After keeping its currency tightly linked to the US dollar for years, China in July 2005 moved to an exchange rate system that references a basket of currencies. From mid-2005 to late 2008, the renminbi appreciated more than 20% against the US dollar, but the exchange rate remained virtually pegged to the dollar from the onset of the global financial crisis until June 2010, when Beijing announced it would allow a resumption of gradual liberalization. From 2013 until early 2015, the renminbi (RMB) appreciated roughly 2% against the dollar, but the exchange rate fell 13% from mid-2015 until end-2016 amid strong capital outflows in part stemming from the August 2015 official devaluation; in 2017 the RMB resumed appreciating against the dollar – roughly 7% from end-of-2016 to end-of-2017. From 2013 to 2017, China had one of the fastest growing economies in the world, averaging slightly more than 7% real growth per year. In 2015, the People’s Bank of China announced it would continue to carefully push for full convertibility of the renminbi, after the currency was accepted as part of the IMF’s special drawing rights basket. However, since late 2015 the Chinese Government has strengthened capital controls and oversight of overseas investments to better manage the exchange rate and maintain financial stability.
The Chinese Government faces numerous economic challenges including: (a) reducing its high domestic savings rate and correspondingly low domestic household consumption; (b) managing its high corporate debt burden to maintain financial stability; (c) controlling off-balance sheet local government debt used to finance infrastructure stimulus; (d) facilitating higher-wage job opportunities for the aspiring middle class, including rural migrants and college graduates, while maintaining competitiveness; (e) dampening speculative investment in the real estate sector without sharply slowing the economy; (f) reducing industrial overcapacity; and (g) raising productivity growth rates through the more efficient allocation of capital and state-support for innovation. Economic development has progressed further in coastal provinces than in the interior, and by 2016 more than 169.3 million migrant workers and their dependents had relocated to urban areas to find work. One consequence of China’s population control policy known as the “one-child policy” - which was relaxed in 2016 to permit all families to have two children - is that China is now one of the most rapidly aging countries in the world. Deterioration in the environment - notably air pollution, soil erosion, and the steady fall of the water table, especially in the North - is another long-term problem. China continues to lose arable land because of erosion and urbanization. The Chinese Government is seeking to add energy production capacity from sources other than coal and oil, focusing on natural gas, nuclear, and clean energy development. In 2016, China ratified the Paris Agreement, a multilateral agreement to combat climate change, and committed to peak its carbon dioxide emissions between 2025 and 2030.

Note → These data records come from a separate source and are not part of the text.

section \<open>The free-energy bound\<close>

lemma Ffun_le_bond_energy:
  fixes V :: "'d::finite site \<Rightarrow> 'd site \<Rightarrow> real \<Rightarrow> real" and B :: "'d site \<Rightarrow> 'd site \<Rightarrow> real"
  assumes fin: "finite \<Lambda>"
    and cont: "\<And>x y. nn x y \<Longrightarrow> continuous_on UNIV (V x y)"
    and even: "\<And>x y s. nn x y \<Longrightarrow> V x y (- s) = V x y s"
    and sym: "\<And>x y. nn x y \<Longrightarrow> V x y = V y x"
    and bounds: "\<And>x y s. nn x y \<Longrightarrow> A * s\<^sup>2 - B x y \<le> V x y s \<and> V x y s \<le> C2 * s\<^sup>2"
    and "C2 > 0" and "0 < \<beta>" and "\<beta> < A"
  shows "Ffun V \<beta> u \<Lambda> \<le> bond_energy \<Lambda> B + (C2 - A) * bond_energy \<Lambda> (\<lambda>x y. (sdot (x - y) u)\<^sup>2)
                         + ln (gauss_pf (A - \<beta>) \<Lambda>) - ln (gauss_pf C2 \<Lambda>)"
proof -
  define Q where "Q \<phi> = dirichlet \<Lambda> (deviation \<Lambda> (psi_tilt u) \<phi>)" for \<phi>
  define Cu where "Cu = bond_energy \<Lambda> (\<lambda>x y. (sdot (x - y) u)\<^sup>2)"
  define d where "d \<phi> x y = ext_cfg \<Lambda> (psi_tilt u) \<phi> x - ext_cfg \<Lambda> (psi_tilt u) \<phi> y" for \<phi> x y
  have H: "Ham V \<Lambda> (psi_tilt u) \<phi> = bond_energy \<Lambda> (\<lambda>x y. V x y (d \<phi> x y))" for \<phi>
    unfolding d_def by (rule Ham_eq_bond_energy[OF fin]) (use even sym in auto)
  have sq: "bond_energy \<Lambda> (\<lambda>x y. (d \<phi> x y)\<^sup>2) = Q \<phi> + Cu" for \<phi>
    unfolding d_def Q_def Cu_def by (rule bond_energy_sq_tilted_cfg[OF fin])
  have "A * Q \<phi> - (bond_energy \<Lambda> B - A * Cu) = bond_energy \<Lambda> (\<lambda>x y. A * (d \<phi> x y)\<^sup>2 - B x y)" for \<phi>
    by (simp add: bond_energy_diff bond_energy_cmult sq algebra_simps)
  also have "\<dots> \<phi> \<le> Ham V \<Lambda> (psi_tilt u) \<phi>" for \<phi>
    unfolding H using bounds by (intro bond_energy_mono) auto
  finally have lower: "A * Q \<phi> - (bond_energy \<Lambda> B - A * Cu) \<le> Ham V \<Lambda> (psi_tilt u) \<phi>" for \<phi> .
  have "Ham V \<Lambda> (psi_tilt u) \<phi> \<le> bond_energy \<Lambda> (\<lambda>x y. C2 * (d \<phi> x y)\<^sup>2)" for \<phi>
    unfolding H using bounds by (intro bond_energy_mono) auto
  then have upper: "Ham V \<Lambda> (psi_tilt u) \<phi> \<le> C2 * Q \<phi> + C2 * Cu" for \<phi>
    by (simp add: bond_energy_cmult sq algebra_simps)
  have "Ffun V \<beta> u \<Lambda> \<le> (bond_energy \<Lambda> B - A * Cu) + C2 * Cu
          + ln (\<integral>\<phi>. exp (- (A - \<beta>) * Q \<phi>) \<partial>leb_on \<Lambda>) - ln (\<integral>\<phi>. exp (- C2 * Q \<phi>) \<partial>leb_on \<Lambda>)"
    unfolding Ffun_eq_ln_ratio[OF fin] Q_def[symmetric]
  proof (rule ln_tilted_ratio_le[OF emeasure_space_leb_on_ne_0[OF fin] _ _ _ _ lower upper])
    show "(\<lambda>\<phi>. Ham V \<Lambda> (psi_tilt u) \<phi>) \<in> borel_measurable (leb_on \<Lambda>)"
      by (rule borel_measurable_Ham[OF fin]) (use cont even sym in auto)
    show "integrable (leb_on \<Lambda>) (\<lambda>\<phi>. exp (- (A - \<beta>) * Q \<phi>))"
      "integrable (leb_on \<Lambda>) (\<lambda>\<phi>. exp (- C2 * Q \<phi>))"
      unfolding Q_def using assms by (intro integrable_gauss_deviation[OF fin]; simp)+
  qed (use assms in \<open>auto simp: Q_def dirichlet_nonneg\<close>)
  then show ?thesis
    unfolding Q_def integral_gauss_deviation[OF fin] Cu_def by (simp add: algebra_simps)
qed

lemma le_of_quadratic_bound:
  fixes a b c :: real
  assumes "\<And>s. a * s\<^sup>2 - b \<le> c * s\<^sup>2"
  shows "a \<le> c"
proof (rule ccontr)
  assume "\<not> a \<le> c"
  define s where "s = sqrt ((\<bar>b\<bar> + 1) / (a - c))"
  have "(a - c) * s\<^sup>2 = \<bar>b\<bar> + 1" using \<open>\<not> a \<le> c\<close> by (simp add: s_def)
  then show False using assms[of s] by (simp add: algebra_simps)
qed

lemma C2_fun_continuous_on: "C2_fun f \<Longrightarrow> continuous_on UNIV f"
  unfolding C2_fun_def by (metis DERIV_isCont continuous_at_imp_continuous_on)

lemma potential_bounds_consequences:
  fixes V :: "'d::finite site \<Rightarrow> 'd site \<Rightarrow> real \<Rightarrow> real"
  assumes bounds: "\<And>x y s. nn x y \<Longrightarrow> A * s\<^sup>2 - B x y \<le> V x y s \<and> V x y s \<le> C2 * s\<^sup>2"
  shows "A \<le> C2" and "nn x y \<Longrightarrow> 0 \<le> B x y"
proof -
  obtain x y :: "'d site" where "nn x y" using nn_add_axis by blast
  then have "A * s\<^sup>2 - B x y \<le> V x y s" "V x y s \<le> C2 * s\<^sup>2" for s
    using bounds by blast+
  then have "A * s\<^sup>2 - B x y \<le> C2 * s\<^sup>2" for s by (meson order_trans)
  then show "A \<le> C2" by (rule le_of_quadratic_bound)
next
  assume "nn x y"
  then have "A * 0\<^sup>2 - B x y \<le> V x y 0 \<and> V x y 0 \<le> C2 * 0\<^sup>2" by (rule bounds)
  then show "0 \<le> B x y" by simp
qed

lemma Ffun_le_surface_tension:
  fixes V :: "'d::finite site \<Rightarrow> 'd site \<Rightarrow> real \<Rightarrow> real" and B :: "'d site \<Rightarrow> 'd site \<Rightarrow> real"
  assumes fin: "finite \<Lambda>"
    and cont: "\<And>x y. nn x y \<Longrightarrow> continuous_on UNIV (V x y)"
    and even: "\<And>x y s. nn x y \<Longrightarrow> V x y (- s) = V x y s"
    and sym: "\<And>x y. nn x y \<Longrightarrow> V x y = V y x"
    and bounds: "\<And>x y s. nn x y \<Longrightarrow> A * s\<^sup>2 - B x y \<le> V x y s \<and> V x y s \<le> C2 * s\<^sup>2"
    and "C2 > 0" and \<beta>: "0 < \<beta>" "\<beta> < A"
  shows "Ffun V \<beta> u \<Lambda>
           \<le> - real (card \<Lambda>) * (sigma (A - \<beta>) \<Lambda> - sigma C2 \<Lambda>)
             + (\<Sum>(x, y)\<in>{(x, y). x \<in> \<Lambda> \<union> bdry \<Lambda> \<and> y \<in> \<Lambda> \<union> bdry \<Lambda> \<and> nn x y}. B x y)
             - (A - \<beta> - C2) / 2 *
               (\<Sum>(x, y)\<in>{(x, y). x \<in> \<Lambda> \<union> bdry \<Lambda> \<and> y \<in> \<Lambda> \<union> bdry \<Lambda> \<and> nn x y}. (sdot (x - y) u)\<^sup>2)"
proof -
  define FullB FullC where
    "FullB = (\<Sum>(x, y)\<in>{(x, y). x \<in> \<Lambda> \<union> bdry \<Lambda> \<and> y \<in> \<Lambda> \<union> bdry \<Lambda> \<and> nn x y}. B x y)"
    and "FullC = (\<Sum>(x, y)\<in>{(x, y). x \<in> \<Lambda> \<union> bdry \<Lambda> \<and> y \<in> \<Lambda> \<union> bdry \<Lambda> \<and> nn x y}. (sdot (x - y) u)\<^sup>2)"
  define Cu where "Cu = bond_energy \<Lambda> (\<lambda>x y. (sdot (x - y) u)\<^sup>2)"
  have "Ffun V \<beta> u \<Lambda> \<le> bond_energy \<Lambda> B + (C2 - A) * Cu + ln (gauss_pf (A - \<beta>) \<Lambda>) - ln (gauss_pf C2 \<Lambda>)"
    unfolding Cu_def by (rule Ffun_le_bond_energy) (use assms in auto)
  moreover have "1 * bond_energy \<Lambda> B \<le> 2 / 2 * FullB"
    unfolding FullB_def
    by (rule mult_bond_energy_le_sum[OF fin]) (auto intro: potential_bounds_consequences(2)[OF bounds])
  moreover have "(C2 - A) * Cu \<le> (C2 - A + \<beta>) / 2 * FullC"
    unfolding Cu_def FullC_def using potential_bounds_consequences(1)[OF bounds] \<beta>
    by (intro mult_bond_energy_le_sum[OF fin]) auto
  moreover have "- real (card \<Lambda>) * (sigma (A - \<beta>) \<Lambda> - sigma C2 \<Lambda>)
      = ln (gauss_pf (A - \<beta>) \<Lambda>) - ln (gauss_pf C2 \<Lambda>)"
    by (simp add: ln_gauss_pf[OF fin] algebra_simps)
  moreover have "- (A - \<beta> - C2) / 2 * FullC = (C2 - A + \<beta>) / 2 * FullC"
    by (simp add: algebra_simps)
  ultimately show ?thesis unfolding FullB_def[symmetric] FullC_def[symmetric] by linarith
qed

theorem lemma4p1:
  fixes V :: "'w \<Rightarrow> 'd::finite site \<Rightarrow> 'd site \<Rightarrow> real \<Rightarrow> real"
    and B :: "'w \<Rightarrow> 'd site \<Rightarrow> 'd site \<Rightarrow> real"
    and A C2 :: real and u :: "real ^ 'd"
  assumes "A > 0" and "C2 > 0"
    and "\<And>\<omega> x y. nn x y \<Longrightarrow> C2_fun (V \<omega> x y)"
    and "\<And>\<omega> x y s. nn x y \<Longrightarrow> V \<omega> x y (- s) = V \<omega> x y s"
    and "\<And>\<omega> x y. nn x y \<Longrightarrow> V \<omega> x y = V \<omega> y x"
    and "\<And>\<omega> x y. nn x y \<Longrightarrow> B \<omega> x y = B \<omega> y x"
  shows "\<exists>\<beta>0>0. \<forall>\<beta>. 0 < \<beta> \<and> \<beta> < \<beta>0 \<longrightarrow>
           (\<forall>\<Lambda> \<omega>. finite \<Lambda> \<longrightarrow>
             (\<forall>x y s. nn x y \<longrightarrow> A * s\<^sup>2 - B \<omega> x y \<le> V \<omega> x y s \<and> V \<omega> x y s \<le> C2 * s\<^sup>2) \<longrightarrow>
             Ffun (V \<omega>) \<beta> u \<Lambda>
               \<le> - real (card \<Lambda>) * (sigma (A - \<beta>) \<Lambda> - sigma C2 \<Lambda>)
                 + (\<Sum>(x,y)\<in>{(x,y). x \<in> \<Lambda> \<union> bdry \<Lambda> \<and> y \<in> \<Lambda> \<union> bdry \<Lambda> \<and> nn x y}. B \<omega> x y)
                 - (A - \<beta> - C2) / 2 *
                   (\<Sum>(x,y)\<in>{(x,y). x \<in> \<Lambda> \<union> bdry \<Lambda> \<and> y \<in> \<Lambda> \<union> bdry \<Lambda> \<and> nn x y}. (sdot (x - y) u)\<^sup>2))"
  using assms C2_fun_continuous_on
  by (intro exI[of _ A] conjI allI impI Ffun_le_surface_tension) auto

end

The government's 13th Five-Year Plan, unveiled in March 2016, emphasizes the need to increase innovation and boost domestic consumption to make the economy less dependent on government investment, exports, and heavy industry. However, China has made more progress on subsidizing innovation than rebalancing the economy. Beijing has committed to giving the market a more decisive role in allocating resources, but the Chinese Government’s policies continue to favor state-owned enterprises and emphasize stability. Chinese leaders in 2010 pledged to double China’s GDP by 2020, and the 13th Five Year Plan includes annual economic growth targets of at least 6.5% through 2020 to achieve that goal. In recent years, China has renewed its support for state-owned enterprises in sectors considered important to "economic security," explicitly looking to foster globally competitive industries. Chinese leaders also have undermined some market-oriented reforms by reaffirming the “dominant” role of the state in the economy, a stance that threatens to discourage private initiative and make the economy less efficient over time. The slight acceleration in economic growth in 2017—the first such uptick since 2010—gives Beijing more latitude to pursue its economic reforms, focusing on financial sector deleveraging and its Supply-Side Structural Reform agenda, first announced in late 2015.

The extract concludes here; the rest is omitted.